> **Raw data**
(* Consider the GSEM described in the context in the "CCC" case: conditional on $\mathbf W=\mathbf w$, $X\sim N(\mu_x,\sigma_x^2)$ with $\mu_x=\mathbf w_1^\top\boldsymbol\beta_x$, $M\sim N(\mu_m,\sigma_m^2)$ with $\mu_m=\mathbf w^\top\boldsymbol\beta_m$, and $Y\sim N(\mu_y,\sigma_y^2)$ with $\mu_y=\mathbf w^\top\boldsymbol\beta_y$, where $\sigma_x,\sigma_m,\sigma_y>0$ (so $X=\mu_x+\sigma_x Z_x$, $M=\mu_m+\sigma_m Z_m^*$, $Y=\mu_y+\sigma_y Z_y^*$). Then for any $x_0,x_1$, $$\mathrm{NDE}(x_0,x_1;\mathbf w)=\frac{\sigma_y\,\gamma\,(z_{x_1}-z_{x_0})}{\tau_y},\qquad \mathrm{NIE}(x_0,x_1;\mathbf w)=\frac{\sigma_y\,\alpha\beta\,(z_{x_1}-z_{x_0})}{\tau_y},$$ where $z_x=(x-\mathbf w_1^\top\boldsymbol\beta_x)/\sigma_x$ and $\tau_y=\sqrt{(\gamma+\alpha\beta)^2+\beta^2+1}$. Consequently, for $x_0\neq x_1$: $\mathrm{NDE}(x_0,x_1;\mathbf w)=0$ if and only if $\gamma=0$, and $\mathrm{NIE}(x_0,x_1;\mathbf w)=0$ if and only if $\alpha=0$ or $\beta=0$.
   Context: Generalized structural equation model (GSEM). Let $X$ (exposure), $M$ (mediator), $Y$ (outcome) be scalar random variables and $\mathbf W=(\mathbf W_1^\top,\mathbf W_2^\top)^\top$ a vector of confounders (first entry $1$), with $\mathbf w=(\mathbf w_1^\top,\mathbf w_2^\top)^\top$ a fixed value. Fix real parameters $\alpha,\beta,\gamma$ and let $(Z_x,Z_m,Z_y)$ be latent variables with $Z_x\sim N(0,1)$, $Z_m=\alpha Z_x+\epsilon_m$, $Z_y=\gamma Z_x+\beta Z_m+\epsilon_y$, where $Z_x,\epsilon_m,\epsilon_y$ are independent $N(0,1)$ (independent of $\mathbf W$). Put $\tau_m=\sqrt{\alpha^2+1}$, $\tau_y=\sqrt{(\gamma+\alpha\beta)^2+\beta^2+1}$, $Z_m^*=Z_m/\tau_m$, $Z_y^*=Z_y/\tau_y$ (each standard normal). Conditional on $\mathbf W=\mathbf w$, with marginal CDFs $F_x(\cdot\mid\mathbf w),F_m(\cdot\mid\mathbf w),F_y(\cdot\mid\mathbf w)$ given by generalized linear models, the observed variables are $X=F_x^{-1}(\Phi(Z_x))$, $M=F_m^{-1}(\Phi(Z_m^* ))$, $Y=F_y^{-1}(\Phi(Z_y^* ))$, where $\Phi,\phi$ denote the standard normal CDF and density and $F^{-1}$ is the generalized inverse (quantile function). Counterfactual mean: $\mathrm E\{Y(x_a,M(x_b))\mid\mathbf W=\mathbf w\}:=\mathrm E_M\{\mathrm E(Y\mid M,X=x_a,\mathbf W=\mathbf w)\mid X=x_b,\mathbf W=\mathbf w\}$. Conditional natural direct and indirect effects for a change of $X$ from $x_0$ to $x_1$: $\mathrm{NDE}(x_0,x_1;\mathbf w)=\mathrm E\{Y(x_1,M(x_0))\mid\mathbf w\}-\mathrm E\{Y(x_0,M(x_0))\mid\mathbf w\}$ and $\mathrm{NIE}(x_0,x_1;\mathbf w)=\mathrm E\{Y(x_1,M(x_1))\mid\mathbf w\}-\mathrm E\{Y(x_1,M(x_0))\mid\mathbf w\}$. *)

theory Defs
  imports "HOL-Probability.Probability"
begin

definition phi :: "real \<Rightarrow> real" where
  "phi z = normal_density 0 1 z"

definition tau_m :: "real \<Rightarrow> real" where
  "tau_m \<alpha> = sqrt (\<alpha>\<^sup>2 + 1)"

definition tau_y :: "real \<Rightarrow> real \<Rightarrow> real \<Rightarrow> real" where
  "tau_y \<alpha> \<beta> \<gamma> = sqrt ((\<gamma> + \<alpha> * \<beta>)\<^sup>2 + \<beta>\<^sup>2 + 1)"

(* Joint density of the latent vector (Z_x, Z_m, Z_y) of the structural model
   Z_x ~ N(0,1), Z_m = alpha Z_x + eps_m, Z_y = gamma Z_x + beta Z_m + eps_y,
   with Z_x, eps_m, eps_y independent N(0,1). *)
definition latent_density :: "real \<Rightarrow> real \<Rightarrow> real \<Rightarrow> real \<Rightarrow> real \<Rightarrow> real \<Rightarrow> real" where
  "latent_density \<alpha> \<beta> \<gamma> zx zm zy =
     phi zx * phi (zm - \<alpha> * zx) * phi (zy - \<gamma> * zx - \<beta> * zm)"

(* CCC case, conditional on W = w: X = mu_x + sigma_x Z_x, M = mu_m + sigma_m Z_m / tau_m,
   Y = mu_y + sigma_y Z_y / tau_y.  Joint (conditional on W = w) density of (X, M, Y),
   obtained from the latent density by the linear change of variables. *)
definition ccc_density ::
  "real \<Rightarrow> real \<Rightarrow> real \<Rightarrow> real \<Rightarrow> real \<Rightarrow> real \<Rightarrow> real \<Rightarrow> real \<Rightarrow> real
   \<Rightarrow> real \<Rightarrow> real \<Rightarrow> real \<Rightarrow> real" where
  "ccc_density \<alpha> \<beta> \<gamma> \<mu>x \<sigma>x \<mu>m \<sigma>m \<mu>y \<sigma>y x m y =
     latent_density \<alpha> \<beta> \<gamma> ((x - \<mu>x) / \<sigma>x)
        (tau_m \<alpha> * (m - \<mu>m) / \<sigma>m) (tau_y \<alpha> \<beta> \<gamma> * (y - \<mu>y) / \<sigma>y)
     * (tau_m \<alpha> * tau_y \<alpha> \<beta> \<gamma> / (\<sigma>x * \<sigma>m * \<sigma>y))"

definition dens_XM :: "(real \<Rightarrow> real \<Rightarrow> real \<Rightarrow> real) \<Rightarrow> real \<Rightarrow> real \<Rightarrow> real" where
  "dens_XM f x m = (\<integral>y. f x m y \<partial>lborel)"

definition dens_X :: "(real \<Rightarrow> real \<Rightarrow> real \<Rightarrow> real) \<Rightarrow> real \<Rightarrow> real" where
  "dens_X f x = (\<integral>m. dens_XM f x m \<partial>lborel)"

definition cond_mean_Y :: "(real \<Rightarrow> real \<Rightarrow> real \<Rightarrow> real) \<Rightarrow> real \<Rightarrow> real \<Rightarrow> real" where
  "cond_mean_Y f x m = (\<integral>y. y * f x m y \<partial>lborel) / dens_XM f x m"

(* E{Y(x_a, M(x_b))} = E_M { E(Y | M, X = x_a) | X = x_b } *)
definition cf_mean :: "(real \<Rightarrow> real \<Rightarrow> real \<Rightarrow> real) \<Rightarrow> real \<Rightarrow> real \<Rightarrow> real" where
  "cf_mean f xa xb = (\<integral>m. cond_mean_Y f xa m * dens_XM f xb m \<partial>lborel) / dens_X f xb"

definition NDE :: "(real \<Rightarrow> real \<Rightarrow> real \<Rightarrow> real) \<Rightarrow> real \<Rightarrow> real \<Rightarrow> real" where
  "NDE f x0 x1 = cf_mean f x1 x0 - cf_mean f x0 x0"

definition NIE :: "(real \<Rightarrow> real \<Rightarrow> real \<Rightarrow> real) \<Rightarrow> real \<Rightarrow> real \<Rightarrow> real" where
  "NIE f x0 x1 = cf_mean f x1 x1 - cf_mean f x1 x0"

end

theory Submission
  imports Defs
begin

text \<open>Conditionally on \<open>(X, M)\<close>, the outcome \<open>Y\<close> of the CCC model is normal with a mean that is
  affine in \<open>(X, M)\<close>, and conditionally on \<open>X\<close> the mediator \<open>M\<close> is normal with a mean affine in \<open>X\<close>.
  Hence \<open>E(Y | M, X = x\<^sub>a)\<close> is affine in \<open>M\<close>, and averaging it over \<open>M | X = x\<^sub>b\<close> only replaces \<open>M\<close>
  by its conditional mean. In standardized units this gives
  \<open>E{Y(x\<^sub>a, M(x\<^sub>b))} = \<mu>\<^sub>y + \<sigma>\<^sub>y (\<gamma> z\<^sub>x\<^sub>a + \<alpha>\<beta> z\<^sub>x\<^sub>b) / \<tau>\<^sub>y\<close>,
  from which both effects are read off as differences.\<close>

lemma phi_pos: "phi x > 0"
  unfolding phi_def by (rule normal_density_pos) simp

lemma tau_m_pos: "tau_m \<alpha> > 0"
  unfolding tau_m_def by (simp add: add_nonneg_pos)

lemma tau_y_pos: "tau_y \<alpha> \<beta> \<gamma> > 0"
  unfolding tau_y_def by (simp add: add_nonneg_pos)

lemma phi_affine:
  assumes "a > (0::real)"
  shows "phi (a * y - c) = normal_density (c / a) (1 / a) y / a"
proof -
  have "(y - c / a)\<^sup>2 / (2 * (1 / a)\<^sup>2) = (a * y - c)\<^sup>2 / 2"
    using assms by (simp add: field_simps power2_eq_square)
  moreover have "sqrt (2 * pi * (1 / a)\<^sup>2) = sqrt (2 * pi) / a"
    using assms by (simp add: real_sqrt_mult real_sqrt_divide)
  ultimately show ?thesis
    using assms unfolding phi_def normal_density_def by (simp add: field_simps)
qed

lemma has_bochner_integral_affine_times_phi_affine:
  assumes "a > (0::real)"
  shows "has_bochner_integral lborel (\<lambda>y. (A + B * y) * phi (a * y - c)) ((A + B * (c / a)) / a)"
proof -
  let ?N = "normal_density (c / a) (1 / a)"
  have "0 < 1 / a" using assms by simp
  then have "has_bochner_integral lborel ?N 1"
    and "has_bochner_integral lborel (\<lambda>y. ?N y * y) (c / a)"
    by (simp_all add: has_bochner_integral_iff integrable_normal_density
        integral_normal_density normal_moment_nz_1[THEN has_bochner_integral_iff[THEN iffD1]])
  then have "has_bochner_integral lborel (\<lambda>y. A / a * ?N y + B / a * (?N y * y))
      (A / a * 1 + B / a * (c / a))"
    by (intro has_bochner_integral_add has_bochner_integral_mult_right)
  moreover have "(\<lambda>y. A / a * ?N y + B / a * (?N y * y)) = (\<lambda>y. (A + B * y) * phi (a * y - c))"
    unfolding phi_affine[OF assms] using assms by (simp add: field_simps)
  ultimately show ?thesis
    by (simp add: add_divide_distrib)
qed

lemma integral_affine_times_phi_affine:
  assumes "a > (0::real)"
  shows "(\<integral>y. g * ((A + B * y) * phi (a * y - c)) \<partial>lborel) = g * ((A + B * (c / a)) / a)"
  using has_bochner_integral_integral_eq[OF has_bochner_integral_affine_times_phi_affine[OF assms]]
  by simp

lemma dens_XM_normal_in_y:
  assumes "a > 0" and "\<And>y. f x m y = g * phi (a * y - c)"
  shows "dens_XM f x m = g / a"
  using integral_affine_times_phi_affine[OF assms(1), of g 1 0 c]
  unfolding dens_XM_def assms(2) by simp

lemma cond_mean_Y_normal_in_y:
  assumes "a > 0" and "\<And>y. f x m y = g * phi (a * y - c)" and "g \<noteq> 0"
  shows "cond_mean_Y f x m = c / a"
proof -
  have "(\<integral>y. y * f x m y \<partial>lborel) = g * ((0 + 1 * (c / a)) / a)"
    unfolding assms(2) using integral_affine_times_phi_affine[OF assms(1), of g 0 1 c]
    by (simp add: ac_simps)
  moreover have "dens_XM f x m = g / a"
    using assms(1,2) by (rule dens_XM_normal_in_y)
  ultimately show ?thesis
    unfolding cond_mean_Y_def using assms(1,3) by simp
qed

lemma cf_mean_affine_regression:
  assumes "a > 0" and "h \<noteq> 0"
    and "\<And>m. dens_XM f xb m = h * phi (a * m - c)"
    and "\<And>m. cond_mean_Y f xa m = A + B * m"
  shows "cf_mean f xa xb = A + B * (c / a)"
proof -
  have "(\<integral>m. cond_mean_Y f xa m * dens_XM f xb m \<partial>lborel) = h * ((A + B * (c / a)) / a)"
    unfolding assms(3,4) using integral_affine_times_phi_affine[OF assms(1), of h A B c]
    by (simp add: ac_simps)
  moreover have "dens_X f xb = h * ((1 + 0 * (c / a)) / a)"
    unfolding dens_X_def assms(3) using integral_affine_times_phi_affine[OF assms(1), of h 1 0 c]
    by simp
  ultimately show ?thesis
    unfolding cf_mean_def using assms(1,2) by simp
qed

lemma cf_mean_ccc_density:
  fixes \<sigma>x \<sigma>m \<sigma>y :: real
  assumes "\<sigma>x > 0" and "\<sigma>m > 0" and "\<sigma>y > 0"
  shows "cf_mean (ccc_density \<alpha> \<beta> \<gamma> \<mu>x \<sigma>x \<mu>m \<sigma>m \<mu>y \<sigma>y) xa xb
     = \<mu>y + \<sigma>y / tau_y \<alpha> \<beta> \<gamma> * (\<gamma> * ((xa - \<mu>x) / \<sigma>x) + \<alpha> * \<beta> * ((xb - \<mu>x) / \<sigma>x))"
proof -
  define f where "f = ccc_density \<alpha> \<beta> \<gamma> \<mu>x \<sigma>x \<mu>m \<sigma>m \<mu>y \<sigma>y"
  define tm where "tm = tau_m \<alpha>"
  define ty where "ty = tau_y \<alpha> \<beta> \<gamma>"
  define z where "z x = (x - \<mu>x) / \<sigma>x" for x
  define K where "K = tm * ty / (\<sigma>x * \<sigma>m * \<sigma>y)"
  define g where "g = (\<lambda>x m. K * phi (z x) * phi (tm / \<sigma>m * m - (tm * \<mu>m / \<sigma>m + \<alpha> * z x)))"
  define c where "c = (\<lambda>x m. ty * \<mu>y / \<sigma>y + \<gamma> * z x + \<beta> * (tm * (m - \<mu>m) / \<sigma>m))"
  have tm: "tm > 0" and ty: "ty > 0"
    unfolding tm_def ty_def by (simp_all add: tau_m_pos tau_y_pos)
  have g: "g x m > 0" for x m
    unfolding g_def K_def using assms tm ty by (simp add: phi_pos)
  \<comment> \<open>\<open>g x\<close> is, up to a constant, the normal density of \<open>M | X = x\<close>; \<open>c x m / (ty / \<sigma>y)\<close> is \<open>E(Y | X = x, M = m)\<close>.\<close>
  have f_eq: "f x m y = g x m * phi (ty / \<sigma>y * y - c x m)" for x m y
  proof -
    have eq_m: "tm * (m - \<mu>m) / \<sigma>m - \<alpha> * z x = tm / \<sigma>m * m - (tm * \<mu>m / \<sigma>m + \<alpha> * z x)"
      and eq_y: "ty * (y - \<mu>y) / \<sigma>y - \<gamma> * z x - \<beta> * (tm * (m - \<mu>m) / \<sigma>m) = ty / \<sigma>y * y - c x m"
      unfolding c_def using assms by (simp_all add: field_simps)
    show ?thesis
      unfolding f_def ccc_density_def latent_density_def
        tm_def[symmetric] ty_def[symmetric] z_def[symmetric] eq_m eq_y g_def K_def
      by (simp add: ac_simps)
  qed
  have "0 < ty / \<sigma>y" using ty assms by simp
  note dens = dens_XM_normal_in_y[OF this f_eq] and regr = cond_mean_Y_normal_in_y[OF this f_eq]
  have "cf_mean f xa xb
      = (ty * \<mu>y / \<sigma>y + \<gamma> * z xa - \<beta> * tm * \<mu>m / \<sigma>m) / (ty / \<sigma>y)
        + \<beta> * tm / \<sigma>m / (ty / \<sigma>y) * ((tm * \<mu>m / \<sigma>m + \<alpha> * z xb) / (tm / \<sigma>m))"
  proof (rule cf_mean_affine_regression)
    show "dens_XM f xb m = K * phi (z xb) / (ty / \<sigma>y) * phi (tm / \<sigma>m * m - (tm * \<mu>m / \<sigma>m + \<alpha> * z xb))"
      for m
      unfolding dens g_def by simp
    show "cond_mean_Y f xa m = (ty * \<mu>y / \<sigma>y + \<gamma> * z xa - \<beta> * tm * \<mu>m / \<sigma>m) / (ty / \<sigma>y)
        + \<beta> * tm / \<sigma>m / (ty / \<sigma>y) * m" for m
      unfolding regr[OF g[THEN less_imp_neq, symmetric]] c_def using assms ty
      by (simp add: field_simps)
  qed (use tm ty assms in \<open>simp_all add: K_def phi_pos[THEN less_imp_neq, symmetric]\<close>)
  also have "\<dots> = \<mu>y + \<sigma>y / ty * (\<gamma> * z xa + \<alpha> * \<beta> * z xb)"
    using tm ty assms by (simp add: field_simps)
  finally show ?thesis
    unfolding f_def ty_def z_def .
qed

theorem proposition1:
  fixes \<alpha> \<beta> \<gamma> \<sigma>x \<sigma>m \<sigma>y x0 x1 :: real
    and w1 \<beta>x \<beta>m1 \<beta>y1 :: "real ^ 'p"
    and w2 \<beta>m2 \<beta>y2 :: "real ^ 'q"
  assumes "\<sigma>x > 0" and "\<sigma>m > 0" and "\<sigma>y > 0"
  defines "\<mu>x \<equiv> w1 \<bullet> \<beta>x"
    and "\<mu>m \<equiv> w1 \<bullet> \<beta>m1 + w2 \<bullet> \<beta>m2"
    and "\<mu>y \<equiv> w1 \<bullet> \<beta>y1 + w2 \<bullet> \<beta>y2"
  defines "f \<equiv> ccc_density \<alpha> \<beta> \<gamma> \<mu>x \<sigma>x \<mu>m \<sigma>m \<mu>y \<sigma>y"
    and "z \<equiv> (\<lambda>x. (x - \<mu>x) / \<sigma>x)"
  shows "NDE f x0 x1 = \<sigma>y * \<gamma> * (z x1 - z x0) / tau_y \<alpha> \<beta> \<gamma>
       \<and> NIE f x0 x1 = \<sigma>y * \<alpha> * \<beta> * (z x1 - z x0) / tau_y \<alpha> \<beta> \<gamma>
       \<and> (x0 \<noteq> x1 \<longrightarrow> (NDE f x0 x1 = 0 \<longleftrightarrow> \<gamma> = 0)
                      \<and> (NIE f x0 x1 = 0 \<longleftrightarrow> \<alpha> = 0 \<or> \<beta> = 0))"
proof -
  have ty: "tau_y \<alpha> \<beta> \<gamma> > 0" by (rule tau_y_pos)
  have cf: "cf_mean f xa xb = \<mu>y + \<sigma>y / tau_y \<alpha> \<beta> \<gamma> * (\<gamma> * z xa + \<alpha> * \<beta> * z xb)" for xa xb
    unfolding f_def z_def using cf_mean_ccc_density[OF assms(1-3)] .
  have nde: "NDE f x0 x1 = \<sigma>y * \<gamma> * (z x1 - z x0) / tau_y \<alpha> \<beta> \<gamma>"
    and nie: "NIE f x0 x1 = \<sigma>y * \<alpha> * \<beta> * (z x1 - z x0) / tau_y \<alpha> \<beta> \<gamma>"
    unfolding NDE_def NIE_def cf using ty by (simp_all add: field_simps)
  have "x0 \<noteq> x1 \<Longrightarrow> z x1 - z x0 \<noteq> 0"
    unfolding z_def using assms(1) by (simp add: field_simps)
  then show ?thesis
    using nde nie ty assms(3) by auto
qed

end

--

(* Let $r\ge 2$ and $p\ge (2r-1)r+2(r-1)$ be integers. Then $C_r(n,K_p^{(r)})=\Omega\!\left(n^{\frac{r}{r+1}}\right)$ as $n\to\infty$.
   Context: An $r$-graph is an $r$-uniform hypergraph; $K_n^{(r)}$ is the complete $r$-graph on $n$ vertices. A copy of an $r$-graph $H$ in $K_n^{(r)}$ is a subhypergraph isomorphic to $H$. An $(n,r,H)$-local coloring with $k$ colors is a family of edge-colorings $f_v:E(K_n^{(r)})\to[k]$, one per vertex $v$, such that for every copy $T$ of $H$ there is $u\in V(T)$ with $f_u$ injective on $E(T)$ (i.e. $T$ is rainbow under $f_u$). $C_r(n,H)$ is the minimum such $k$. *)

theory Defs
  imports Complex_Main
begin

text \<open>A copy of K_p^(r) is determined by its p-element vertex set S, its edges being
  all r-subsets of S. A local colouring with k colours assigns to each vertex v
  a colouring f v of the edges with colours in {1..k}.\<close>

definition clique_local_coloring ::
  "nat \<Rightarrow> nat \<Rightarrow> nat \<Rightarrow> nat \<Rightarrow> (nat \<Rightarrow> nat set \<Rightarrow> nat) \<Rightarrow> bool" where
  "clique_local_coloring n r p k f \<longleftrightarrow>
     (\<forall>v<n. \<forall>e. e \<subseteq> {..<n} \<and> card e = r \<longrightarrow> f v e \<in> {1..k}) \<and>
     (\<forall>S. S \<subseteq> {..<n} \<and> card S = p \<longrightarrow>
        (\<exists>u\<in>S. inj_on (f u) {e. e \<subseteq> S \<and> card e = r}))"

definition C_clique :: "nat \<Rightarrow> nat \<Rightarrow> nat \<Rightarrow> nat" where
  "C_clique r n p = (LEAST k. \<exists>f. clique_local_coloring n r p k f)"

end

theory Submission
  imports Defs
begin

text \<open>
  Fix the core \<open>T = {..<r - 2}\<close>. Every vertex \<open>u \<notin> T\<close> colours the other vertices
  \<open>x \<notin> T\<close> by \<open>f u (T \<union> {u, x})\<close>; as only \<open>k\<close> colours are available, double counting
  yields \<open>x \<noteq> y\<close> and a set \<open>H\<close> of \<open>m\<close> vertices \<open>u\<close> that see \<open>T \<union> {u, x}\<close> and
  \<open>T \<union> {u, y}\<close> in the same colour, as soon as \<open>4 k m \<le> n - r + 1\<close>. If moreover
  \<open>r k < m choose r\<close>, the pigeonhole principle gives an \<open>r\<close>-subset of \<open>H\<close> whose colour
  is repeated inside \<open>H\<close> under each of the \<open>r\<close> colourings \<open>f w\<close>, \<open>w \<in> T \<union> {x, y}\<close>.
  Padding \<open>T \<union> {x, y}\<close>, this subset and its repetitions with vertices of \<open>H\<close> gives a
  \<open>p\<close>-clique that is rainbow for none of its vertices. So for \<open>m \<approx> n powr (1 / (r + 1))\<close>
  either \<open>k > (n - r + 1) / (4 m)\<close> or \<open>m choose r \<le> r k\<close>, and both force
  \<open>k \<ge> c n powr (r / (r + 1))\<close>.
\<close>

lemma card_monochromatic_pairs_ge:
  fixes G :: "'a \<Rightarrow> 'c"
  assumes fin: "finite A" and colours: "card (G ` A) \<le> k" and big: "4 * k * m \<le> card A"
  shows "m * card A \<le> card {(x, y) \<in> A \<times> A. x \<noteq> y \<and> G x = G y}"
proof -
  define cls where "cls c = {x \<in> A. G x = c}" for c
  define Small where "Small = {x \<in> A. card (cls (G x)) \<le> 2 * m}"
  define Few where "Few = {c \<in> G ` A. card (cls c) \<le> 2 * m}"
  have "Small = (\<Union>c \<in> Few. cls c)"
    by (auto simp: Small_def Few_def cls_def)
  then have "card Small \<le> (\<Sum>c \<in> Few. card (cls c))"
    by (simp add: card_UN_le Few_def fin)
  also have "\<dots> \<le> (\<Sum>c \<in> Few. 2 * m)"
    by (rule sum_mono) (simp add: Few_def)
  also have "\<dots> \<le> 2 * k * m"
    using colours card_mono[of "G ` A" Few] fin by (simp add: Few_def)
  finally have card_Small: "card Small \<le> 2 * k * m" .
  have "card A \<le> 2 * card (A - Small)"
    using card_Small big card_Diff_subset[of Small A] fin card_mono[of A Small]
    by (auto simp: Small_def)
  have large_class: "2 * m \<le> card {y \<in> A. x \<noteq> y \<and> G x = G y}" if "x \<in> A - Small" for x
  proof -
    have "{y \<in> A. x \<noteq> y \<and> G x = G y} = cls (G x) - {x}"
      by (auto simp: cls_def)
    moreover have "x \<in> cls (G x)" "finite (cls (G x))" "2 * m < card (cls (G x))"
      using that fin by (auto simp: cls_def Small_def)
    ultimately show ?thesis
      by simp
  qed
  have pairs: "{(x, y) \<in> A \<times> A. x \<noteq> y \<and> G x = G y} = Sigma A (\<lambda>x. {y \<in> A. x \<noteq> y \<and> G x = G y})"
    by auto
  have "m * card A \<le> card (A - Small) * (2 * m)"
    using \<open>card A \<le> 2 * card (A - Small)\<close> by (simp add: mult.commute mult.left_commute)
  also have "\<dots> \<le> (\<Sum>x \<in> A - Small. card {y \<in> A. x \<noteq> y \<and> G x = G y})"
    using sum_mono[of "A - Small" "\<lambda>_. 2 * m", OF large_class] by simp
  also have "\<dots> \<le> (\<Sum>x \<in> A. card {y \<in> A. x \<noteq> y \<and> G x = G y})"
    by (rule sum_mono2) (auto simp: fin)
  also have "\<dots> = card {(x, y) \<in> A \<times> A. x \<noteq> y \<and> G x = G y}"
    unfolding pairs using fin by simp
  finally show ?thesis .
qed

> **Activity**
Scan the material above for the string "rule". Copy each line that holds it.

> **Solution for this task**
  unfolding phi_def by (rule normal_density_pos) simp
    using assms(1,2) by (rule dens_XM_normal_in_y)
  proof (rule cf_mean_affine_regression)
  have ty: "tau_y \<alpha> \<beta> \<gamma> > 0" by (rule tau_y_pos)
    by (rule sum_mono) (simp add: Few_def)
    by (rule sum_mono2) (auto simp: fin)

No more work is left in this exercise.